▸ **WHAT YOU HAVE TO DO**
Look over the lines below. Report each one that includes the string "True".
● ● ● ●
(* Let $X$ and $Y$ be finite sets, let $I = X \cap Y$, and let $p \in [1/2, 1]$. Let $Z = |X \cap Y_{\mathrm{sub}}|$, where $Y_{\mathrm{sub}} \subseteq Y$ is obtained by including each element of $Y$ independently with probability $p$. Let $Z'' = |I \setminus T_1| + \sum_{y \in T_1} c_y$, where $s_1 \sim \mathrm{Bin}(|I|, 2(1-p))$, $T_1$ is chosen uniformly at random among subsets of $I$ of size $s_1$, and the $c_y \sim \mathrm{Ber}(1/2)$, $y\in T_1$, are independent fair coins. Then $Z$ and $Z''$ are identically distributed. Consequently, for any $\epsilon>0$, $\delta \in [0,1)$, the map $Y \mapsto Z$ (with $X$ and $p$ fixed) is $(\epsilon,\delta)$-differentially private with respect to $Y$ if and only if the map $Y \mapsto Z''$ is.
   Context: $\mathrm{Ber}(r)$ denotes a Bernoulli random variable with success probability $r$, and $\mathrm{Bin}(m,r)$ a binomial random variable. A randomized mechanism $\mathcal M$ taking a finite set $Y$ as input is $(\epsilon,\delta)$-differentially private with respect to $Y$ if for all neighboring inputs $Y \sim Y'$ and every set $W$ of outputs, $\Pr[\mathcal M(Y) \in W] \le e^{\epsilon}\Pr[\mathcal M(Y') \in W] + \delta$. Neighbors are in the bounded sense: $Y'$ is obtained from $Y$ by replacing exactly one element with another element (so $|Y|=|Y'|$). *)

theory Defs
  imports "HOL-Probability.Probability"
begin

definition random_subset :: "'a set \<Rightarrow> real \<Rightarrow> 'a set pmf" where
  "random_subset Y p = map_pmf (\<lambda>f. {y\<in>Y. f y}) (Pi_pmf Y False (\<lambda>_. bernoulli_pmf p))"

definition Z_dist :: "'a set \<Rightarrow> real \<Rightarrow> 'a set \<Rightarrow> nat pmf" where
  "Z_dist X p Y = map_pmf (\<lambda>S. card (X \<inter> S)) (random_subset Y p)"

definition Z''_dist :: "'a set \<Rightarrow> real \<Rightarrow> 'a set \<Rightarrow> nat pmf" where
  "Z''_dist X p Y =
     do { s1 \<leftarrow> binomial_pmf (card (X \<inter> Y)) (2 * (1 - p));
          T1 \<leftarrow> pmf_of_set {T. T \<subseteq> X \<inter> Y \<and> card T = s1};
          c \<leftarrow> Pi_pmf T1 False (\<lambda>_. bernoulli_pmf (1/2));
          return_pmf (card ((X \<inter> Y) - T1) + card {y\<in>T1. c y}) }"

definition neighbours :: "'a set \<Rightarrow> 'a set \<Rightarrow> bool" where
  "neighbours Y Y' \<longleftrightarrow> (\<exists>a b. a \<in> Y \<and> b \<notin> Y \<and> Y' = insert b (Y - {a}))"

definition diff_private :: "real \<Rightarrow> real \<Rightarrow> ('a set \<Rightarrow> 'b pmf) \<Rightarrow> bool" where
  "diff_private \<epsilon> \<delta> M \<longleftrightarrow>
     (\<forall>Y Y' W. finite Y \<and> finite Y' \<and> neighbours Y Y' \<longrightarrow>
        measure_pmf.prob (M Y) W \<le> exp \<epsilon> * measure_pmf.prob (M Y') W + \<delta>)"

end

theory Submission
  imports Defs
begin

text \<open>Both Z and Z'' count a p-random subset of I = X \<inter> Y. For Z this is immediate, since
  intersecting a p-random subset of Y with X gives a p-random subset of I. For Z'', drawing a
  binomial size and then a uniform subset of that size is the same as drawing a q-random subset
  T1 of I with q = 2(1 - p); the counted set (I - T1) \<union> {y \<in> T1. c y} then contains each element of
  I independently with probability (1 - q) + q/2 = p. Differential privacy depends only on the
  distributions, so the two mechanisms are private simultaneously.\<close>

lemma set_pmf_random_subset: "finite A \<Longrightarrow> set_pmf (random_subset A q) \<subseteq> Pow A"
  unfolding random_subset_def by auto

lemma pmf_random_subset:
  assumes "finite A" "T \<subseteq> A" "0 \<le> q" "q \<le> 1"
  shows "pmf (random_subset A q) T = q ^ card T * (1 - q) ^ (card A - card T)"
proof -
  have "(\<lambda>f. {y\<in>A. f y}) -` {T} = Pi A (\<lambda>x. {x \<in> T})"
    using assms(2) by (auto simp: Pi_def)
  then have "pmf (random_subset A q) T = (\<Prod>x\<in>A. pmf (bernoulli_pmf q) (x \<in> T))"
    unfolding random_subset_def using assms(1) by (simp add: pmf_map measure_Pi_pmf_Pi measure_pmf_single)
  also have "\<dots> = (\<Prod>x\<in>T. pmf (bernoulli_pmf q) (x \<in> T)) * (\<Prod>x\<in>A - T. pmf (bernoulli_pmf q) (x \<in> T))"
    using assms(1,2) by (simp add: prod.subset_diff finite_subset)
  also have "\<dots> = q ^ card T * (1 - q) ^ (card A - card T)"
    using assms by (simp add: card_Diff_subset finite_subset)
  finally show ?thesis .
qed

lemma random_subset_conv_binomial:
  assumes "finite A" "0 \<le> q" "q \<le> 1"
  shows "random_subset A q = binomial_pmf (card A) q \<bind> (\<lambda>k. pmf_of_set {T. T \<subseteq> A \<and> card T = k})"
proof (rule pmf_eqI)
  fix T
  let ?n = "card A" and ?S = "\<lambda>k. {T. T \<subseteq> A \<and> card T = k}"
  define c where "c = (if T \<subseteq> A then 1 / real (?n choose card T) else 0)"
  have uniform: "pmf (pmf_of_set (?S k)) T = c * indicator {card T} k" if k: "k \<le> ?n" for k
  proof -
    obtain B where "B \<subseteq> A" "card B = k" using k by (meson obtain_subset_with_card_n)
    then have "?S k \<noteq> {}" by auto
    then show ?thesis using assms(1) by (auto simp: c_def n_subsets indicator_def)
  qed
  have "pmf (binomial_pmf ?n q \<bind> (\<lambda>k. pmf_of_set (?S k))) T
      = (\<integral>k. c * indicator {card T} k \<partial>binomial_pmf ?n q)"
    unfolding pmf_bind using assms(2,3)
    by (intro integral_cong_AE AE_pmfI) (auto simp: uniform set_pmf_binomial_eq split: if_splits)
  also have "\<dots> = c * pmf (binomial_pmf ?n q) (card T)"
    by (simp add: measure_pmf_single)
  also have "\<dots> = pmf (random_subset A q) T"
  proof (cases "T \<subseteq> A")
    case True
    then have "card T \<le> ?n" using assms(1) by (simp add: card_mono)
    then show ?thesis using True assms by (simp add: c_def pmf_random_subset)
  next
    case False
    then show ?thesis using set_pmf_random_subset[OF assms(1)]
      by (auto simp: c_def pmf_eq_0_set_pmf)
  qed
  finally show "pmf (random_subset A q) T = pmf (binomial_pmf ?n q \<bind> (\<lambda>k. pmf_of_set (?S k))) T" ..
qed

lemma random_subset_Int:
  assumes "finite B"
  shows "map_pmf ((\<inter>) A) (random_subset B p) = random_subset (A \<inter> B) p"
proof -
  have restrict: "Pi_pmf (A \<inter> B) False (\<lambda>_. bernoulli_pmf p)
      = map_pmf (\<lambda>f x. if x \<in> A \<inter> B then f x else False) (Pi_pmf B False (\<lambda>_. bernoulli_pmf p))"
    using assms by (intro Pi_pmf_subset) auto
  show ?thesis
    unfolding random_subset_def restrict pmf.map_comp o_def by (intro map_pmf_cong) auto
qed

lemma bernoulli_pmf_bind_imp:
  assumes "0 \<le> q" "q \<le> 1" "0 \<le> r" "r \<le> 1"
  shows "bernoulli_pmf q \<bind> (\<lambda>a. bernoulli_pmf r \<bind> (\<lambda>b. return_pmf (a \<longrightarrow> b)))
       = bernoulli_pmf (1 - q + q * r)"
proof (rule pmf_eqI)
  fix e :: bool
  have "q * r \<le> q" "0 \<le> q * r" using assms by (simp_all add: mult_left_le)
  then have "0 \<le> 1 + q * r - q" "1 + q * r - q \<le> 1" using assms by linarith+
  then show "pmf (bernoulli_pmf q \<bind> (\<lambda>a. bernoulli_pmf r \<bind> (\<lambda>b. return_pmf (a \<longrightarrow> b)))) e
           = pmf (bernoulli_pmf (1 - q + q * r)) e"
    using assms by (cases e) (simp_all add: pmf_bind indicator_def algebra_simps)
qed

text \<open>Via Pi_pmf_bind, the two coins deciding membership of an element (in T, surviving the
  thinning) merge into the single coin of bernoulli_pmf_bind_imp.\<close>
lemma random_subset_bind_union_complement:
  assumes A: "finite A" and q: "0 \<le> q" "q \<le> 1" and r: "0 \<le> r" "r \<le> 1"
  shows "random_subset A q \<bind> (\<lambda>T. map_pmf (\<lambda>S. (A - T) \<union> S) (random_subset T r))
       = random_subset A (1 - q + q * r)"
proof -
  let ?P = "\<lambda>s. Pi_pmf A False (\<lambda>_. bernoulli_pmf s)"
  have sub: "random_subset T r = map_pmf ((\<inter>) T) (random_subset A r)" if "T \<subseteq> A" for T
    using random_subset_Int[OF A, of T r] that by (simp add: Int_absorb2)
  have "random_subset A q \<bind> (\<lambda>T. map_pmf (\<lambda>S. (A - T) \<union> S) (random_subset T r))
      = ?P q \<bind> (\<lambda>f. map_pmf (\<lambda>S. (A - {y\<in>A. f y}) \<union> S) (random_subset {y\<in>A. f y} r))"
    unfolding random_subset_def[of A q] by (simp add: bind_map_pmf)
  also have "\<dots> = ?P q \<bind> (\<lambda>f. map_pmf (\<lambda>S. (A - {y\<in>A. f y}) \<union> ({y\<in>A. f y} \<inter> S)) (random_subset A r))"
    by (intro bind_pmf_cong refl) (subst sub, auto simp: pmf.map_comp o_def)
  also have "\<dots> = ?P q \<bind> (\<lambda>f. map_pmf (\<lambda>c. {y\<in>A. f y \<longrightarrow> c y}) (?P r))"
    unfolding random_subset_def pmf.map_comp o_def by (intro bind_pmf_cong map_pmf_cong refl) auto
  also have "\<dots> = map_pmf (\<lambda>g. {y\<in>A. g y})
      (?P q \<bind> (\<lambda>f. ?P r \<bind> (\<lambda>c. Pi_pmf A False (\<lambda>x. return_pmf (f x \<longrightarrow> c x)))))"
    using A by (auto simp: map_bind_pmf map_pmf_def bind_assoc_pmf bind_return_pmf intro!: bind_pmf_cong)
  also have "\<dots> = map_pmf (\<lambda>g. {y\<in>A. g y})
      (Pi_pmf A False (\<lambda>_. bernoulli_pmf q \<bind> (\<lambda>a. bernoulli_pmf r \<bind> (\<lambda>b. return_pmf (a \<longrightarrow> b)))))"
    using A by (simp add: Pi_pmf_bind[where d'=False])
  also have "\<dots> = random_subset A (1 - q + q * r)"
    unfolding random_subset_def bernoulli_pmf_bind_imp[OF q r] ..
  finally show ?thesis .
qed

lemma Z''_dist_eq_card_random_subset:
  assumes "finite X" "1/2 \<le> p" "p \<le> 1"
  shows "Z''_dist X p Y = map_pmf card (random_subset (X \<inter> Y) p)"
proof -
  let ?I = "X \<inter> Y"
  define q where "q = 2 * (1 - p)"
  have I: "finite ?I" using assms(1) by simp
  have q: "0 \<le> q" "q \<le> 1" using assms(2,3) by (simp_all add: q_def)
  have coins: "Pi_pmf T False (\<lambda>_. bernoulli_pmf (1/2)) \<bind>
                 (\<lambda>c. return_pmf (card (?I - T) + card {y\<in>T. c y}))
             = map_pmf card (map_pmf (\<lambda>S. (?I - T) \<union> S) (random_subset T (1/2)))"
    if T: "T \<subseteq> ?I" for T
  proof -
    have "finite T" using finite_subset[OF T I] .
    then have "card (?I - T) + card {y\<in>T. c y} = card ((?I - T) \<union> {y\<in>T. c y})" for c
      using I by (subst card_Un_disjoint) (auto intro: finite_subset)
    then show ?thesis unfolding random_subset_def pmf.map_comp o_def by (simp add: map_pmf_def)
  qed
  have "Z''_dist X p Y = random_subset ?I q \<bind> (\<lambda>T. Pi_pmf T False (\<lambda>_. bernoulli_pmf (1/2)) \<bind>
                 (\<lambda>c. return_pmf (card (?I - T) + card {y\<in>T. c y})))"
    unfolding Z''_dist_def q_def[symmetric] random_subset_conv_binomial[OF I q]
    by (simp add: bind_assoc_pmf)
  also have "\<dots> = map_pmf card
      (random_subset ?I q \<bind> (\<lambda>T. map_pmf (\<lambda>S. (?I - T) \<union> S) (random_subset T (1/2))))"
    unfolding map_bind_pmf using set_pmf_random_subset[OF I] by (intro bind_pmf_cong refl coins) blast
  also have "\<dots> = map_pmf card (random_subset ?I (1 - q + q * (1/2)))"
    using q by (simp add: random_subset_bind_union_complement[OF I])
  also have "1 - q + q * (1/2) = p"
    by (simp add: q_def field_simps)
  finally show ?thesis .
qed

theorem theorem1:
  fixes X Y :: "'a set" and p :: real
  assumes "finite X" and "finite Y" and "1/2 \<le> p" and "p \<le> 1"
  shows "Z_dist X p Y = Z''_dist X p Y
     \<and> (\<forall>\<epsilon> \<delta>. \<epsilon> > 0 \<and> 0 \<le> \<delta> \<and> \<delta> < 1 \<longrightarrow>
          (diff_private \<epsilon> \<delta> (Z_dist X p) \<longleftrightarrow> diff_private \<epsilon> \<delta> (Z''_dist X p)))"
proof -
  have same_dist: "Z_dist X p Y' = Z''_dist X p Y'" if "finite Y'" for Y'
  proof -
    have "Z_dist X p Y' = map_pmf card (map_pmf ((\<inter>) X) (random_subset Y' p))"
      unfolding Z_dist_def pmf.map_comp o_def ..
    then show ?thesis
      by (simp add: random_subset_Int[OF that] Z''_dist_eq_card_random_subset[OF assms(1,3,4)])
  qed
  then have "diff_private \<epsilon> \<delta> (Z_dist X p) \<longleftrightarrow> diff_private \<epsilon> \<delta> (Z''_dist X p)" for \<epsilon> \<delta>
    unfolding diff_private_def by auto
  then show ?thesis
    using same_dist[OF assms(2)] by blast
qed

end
● ● ● ●
▸ **WRITTEN ANSWER**
    case True
    then show ?thesis using True assms by (simp add: c_def pmf_random_subset)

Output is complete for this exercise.